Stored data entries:
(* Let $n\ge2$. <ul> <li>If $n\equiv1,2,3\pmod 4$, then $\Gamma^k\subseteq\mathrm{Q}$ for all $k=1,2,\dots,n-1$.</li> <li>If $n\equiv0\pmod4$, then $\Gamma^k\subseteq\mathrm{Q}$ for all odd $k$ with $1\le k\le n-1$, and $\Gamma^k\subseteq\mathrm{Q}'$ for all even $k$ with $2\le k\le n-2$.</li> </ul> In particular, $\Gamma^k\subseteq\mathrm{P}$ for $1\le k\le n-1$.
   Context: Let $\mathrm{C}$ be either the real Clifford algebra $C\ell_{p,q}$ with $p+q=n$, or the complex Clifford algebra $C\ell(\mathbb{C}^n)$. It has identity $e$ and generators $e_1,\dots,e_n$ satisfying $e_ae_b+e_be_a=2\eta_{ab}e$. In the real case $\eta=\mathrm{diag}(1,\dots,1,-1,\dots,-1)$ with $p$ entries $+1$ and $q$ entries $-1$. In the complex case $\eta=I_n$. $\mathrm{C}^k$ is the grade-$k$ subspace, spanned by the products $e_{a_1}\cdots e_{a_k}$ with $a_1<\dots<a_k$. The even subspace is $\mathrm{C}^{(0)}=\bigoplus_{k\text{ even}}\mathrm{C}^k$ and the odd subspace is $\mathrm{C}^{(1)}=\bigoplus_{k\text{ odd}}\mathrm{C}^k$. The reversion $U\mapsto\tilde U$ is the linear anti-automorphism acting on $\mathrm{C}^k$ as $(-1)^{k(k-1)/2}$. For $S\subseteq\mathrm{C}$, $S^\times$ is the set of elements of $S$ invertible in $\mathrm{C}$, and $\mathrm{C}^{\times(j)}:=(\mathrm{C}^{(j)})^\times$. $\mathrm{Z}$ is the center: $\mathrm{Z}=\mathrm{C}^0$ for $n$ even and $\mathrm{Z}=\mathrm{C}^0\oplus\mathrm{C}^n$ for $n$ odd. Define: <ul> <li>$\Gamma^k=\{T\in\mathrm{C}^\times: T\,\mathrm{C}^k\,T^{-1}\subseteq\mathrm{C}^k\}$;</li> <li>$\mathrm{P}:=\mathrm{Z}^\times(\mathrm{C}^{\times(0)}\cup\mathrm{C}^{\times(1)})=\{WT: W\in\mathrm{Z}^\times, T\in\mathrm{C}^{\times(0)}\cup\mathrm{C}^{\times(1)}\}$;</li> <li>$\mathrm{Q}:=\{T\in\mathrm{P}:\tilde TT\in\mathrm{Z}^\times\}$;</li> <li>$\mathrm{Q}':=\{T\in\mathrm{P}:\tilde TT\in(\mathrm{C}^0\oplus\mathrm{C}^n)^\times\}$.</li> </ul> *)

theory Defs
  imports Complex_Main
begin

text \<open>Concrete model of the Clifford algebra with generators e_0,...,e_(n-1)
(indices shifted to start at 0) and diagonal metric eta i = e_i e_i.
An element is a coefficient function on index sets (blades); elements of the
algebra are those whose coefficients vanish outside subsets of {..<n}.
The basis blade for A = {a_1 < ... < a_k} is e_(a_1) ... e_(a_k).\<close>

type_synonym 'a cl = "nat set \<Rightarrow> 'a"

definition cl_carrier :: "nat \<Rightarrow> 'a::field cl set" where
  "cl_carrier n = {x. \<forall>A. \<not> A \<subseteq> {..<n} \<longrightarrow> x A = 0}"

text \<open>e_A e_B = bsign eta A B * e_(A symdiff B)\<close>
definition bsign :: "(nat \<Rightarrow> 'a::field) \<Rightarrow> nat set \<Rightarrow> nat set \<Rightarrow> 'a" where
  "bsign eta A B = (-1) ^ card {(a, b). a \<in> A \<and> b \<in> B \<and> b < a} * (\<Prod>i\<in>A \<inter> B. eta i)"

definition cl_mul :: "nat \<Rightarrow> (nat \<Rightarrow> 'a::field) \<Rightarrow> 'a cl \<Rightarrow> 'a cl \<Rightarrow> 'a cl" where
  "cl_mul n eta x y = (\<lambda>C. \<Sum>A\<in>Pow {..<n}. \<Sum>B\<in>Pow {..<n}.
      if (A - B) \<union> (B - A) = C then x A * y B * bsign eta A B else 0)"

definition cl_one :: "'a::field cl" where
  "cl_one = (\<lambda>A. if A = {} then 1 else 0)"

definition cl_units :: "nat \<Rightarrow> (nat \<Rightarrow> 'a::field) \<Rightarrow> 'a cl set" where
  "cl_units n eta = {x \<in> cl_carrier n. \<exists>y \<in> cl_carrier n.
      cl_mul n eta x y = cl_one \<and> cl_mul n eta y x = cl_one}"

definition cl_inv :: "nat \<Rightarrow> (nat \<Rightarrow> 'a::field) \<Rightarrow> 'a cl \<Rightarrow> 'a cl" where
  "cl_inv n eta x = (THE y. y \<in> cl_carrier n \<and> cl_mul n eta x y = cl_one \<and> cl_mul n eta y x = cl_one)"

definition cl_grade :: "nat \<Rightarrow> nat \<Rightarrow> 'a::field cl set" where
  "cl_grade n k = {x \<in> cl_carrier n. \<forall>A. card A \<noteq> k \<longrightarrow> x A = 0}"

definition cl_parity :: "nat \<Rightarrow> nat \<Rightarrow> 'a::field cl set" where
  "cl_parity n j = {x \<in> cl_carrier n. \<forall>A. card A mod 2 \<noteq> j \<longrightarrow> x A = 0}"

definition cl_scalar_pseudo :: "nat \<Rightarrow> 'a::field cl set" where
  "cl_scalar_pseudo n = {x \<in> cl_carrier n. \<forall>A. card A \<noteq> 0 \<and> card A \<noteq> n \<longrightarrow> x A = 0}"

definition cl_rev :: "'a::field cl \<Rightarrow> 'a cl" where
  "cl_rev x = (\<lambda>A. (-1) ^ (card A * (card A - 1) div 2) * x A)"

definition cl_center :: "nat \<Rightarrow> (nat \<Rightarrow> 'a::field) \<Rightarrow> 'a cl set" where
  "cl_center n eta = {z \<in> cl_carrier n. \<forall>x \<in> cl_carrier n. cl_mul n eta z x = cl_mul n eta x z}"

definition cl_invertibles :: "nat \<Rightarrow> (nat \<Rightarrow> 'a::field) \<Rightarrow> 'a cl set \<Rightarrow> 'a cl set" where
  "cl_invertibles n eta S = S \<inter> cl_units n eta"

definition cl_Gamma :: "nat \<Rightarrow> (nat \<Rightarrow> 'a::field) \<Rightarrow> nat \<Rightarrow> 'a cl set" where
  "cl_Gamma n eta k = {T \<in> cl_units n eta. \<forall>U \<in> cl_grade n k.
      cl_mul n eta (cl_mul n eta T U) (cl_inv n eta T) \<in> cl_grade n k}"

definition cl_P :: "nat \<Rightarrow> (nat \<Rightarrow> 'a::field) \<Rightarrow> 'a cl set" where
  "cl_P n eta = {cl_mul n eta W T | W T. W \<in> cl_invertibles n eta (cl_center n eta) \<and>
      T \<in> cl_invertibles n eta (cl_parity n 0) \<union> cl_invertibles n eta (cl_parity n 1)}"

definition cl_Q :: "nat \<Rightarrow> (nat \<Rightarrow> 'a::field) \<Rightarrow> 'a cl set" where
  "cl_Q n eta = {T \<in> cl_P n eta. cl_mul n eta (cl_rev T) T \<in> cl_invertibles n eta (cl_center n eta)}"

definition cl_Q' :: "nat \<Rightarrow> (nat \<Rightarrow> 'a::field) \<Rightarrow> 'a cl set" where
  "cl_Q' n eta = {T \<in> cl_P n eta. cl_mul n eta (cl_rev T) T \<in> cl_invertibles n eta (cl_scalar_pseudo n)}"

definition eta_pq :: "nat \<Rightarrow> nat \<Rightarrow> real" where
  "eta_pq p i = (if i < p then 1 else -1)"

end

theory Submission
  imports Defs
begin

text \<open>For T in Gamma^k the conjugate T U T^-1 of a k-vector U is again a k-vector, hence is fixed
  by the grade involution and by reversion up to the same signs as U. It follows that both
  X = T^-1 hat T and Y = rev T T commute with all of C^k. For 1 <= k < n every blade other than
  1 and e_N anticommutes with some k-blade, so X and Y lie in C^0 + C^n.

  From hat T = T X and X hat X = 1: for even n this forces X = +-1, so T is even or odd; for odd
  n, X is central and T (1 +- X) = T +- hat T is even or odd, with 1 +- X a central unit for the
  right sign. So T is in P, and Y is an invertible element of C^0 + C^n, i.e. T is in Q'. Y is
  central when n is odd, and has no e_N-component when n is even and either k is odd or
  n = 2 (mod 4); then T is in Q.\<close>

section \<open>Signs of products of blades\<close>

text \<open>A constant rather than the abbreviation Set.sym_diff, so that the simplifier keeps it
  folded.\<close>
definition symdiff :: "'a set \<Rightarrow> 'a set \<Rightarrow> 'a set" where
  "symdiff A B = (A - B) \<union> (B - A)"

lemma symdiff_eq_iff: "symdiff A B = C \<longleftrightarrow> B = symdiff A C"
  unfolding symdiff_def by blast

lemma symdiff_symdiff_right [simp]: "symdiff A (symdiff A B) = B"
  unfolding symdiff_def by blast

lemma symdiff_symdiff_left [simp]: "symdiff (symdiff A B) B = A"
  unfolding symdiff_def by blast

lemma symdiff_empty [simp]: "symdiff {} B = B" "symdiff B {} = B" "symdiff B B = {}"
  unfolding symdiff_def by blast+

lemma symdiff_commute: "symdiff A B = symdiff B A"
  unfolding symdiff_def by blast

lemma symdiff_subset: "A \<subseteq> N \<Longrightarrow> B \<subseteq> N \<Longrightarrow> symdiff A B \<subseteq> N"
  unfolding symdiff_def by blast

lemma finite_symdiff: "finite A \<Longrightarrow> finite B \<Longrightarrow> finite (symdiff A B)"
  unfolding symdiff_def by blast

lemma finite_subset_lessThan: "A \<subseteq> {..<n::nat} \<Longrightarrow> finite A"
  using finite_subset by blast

---

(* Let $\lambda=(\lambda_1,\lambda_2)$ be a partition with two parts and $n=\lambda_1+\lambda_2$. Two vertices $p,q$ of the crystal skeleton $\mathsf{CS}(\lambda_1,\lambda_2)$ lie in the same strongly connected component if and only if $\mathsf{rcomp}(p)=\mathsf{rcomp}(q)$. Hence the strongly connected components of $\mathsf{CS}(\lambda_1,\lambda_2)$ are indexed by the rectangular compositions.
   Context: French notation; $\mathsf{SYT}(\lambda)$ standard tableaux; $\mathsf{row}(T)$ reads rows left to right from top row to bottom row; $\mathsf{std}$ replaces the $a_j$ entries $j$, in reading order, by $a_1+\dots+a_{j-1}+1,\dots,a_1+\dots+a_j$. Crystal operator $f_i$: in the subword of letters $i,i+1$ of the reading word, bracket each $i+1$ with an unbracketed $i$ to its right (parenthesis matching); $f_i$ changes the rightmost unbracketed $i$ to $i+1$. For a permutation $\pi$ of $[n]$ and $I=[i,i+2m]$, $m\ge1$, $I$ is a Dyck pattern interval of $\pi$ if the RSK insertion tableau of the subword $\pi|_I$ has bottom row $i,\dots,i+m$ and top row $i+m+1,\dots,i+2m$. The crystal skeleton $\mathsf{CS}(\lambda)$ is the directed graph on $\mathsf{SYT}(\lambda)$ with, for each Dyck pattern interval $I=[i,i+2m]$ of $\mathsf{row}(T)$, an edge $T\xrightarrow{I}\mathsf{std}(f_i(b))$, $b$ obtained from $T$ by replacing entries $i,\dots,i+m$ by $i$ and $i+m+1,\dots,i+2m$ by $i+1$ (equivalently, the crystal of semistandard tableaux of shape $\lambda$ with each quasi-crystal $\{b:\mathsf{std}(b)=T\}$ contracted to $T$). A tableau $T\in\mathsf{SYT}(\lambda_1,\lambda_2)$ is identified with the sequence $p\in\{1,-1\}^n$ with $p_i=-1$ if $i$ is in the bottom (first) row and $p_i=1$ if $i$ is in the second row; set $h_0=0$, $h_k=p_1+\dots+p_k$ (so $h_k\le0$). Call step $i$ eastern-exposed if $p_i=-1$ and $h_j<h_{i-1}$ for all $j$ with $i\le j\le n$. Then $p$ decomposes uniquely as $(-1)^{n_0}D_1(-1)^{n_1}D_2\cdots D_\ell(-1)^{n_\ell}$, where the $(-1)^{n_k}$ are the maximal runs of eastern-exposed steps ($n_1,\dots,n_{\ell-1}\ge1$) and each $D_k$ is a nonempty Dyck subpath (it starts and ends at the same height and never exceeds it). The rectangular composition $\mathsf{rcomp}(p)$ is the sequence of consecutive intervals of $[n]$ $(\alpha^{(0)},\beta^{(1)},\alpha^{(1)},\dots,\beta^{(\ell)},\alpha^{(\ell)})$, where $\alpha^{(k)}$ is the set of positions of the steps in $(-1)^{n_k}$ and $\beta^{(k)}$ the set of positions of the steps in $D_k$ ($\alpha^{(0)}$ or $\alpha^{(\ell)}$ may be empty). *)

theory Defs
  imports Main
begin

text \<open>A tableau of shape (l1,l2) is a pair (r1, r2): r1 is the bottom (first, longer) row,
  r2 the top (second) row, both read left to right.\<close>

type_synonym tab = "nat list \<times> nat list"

* * *

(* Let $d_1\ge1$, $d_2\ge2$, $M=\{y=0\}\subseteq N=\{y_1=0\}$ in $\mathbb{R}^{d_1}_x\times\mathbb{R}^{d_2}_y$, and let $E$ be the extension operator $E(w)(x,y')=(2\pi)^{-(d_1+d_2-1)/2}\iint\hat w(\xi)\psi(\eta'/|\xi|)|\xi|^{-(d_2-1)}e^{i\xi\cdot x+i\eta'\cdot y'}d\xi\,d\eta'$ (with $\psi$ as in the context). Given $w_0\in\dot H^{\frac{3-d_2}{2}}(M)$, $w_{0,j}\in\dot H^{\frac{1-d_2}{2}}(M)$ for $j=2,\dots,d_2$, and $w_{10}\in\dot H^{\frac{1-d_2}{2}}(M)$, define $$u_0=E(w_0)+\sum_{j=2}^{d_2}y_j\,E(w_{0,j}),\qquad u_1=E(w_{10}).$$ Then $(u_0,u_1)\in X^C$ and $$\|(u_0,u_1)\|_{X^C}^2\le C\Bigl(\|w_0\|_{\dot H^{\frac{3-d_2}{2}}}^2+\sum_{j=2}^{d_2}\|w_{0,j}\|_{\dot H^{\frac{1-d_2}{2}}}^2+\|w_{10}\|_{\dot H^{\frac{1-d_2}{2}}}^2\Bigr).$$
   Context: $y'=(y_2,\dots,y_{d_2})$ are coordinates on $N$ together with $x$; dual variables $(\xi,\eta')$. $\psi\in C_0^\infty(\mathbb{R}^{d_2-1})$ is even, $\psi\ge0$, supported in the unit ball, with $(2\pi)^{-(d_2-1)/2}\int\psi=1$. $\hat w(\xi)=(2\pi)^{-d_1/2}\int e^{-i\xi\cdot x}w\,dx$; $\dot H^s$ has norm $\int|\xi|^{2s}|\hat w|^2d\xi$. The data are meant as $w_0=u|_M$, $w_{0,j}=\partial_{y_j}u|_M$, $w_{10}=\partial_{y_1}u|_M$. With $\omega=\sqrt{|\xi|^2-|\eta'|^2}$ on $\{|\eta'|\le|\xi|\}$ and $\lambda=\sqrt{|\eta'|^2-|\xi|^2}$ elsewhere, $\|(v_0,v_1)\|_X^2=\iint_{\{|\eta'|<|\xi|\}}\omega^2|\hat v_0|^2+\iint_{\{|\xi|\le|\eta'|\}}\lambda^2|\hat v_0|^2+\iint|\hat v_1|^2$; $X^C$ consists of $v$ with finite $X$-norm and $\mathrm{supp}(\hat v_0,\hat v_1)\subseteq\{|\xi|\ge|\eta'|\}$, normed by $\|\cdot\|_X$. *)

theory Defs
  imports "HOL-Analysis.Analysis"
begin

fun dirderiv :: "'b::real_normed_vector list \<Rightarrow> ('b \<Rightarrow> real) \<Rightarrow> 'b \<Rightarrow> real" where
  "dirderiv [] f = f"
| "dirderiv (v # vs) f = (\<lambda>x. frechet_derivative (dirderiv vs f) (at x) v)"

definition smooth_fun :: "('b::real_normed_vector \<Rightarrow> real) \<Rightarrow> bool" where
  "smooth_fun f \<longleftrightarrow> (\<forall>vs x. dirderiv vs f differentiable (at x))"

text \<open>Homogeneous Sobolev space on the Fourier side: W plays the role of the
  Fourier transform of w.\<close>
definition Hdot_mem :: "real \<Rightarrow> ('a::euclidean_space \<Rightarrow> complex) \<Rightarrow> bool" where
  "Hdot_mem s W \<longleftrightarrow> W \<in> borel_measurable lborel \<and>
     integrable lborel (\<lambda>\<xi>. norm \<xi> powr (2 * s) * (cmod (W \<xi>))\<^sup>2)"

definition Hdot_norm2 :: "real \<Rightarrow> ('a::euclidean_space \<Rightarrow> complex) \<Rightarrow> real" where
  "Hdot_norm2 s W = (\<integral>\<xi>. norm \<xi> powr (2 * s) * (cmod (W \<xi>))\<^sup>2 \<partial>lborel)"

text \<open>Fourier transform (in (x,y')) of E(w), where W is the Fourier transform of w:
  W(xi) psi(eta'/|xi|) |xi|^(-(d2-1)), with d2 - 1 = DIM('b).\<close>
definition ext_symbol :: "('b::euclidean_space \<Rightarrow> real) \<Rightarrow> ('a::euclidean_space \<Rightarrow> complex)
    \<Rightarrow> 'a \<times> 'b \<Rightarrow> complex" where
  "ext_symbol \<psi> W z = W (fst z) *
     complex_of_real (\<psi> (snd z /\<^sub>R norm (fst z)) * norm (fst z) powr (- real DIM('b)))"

EXERCISE OBJECTIVE: Above are some lines. Repeat exactly, and only, those from the line that has "(\<lambda>A. if A" through the line that has "mod 2 \<noteq>".

RESPONSE BELOW:
  "cl_one = (\<lambda>A. if A = {} then 1 else 0)"

definition cl_units :: "nat \<Rightarrow> (nat \<Rightarrow> 'a::field) \<Rightarrow> 'a cl set" where
  "cl_units n eta = {x \<in> cl_carrier n. \<exists>y \<in> cl_carrier n.
      cl_mul n eta x y = cl_one \<and> cl_mul n eta y x = cl_one}"

definition cl_inv :: "nat \<Rightarrow> (nat \<Rightarrow> 'a::field) \<Rightarrow> 'a cl \<Rightarrow> 'a cl" where
  "cl_inv n eta x = (THE y. y \<in> cl_carrier n \<and> cl_mul n eta x y = cl_one \<and> cl_mul n eta y x = cl_one)"

definition cl_grade :: "nat \<Rightarrow> nat \<Rightarrow> 'a::field cl set" where
  "cl_grade n k = {x \<in> cl_carrier n. \<forall>A. card A \<noteq> k \<longrightarrow> x A = 0}"

definition cl_parity :: "nat \<Rightarrow> nat \<Rightarrow> 'a::field cl set" where
  "cl_parity n j = {x \<in> cl_carrier n. \<forall>A. card A mod 2 \<noteq> j \<longrightarrow> x A = 0}"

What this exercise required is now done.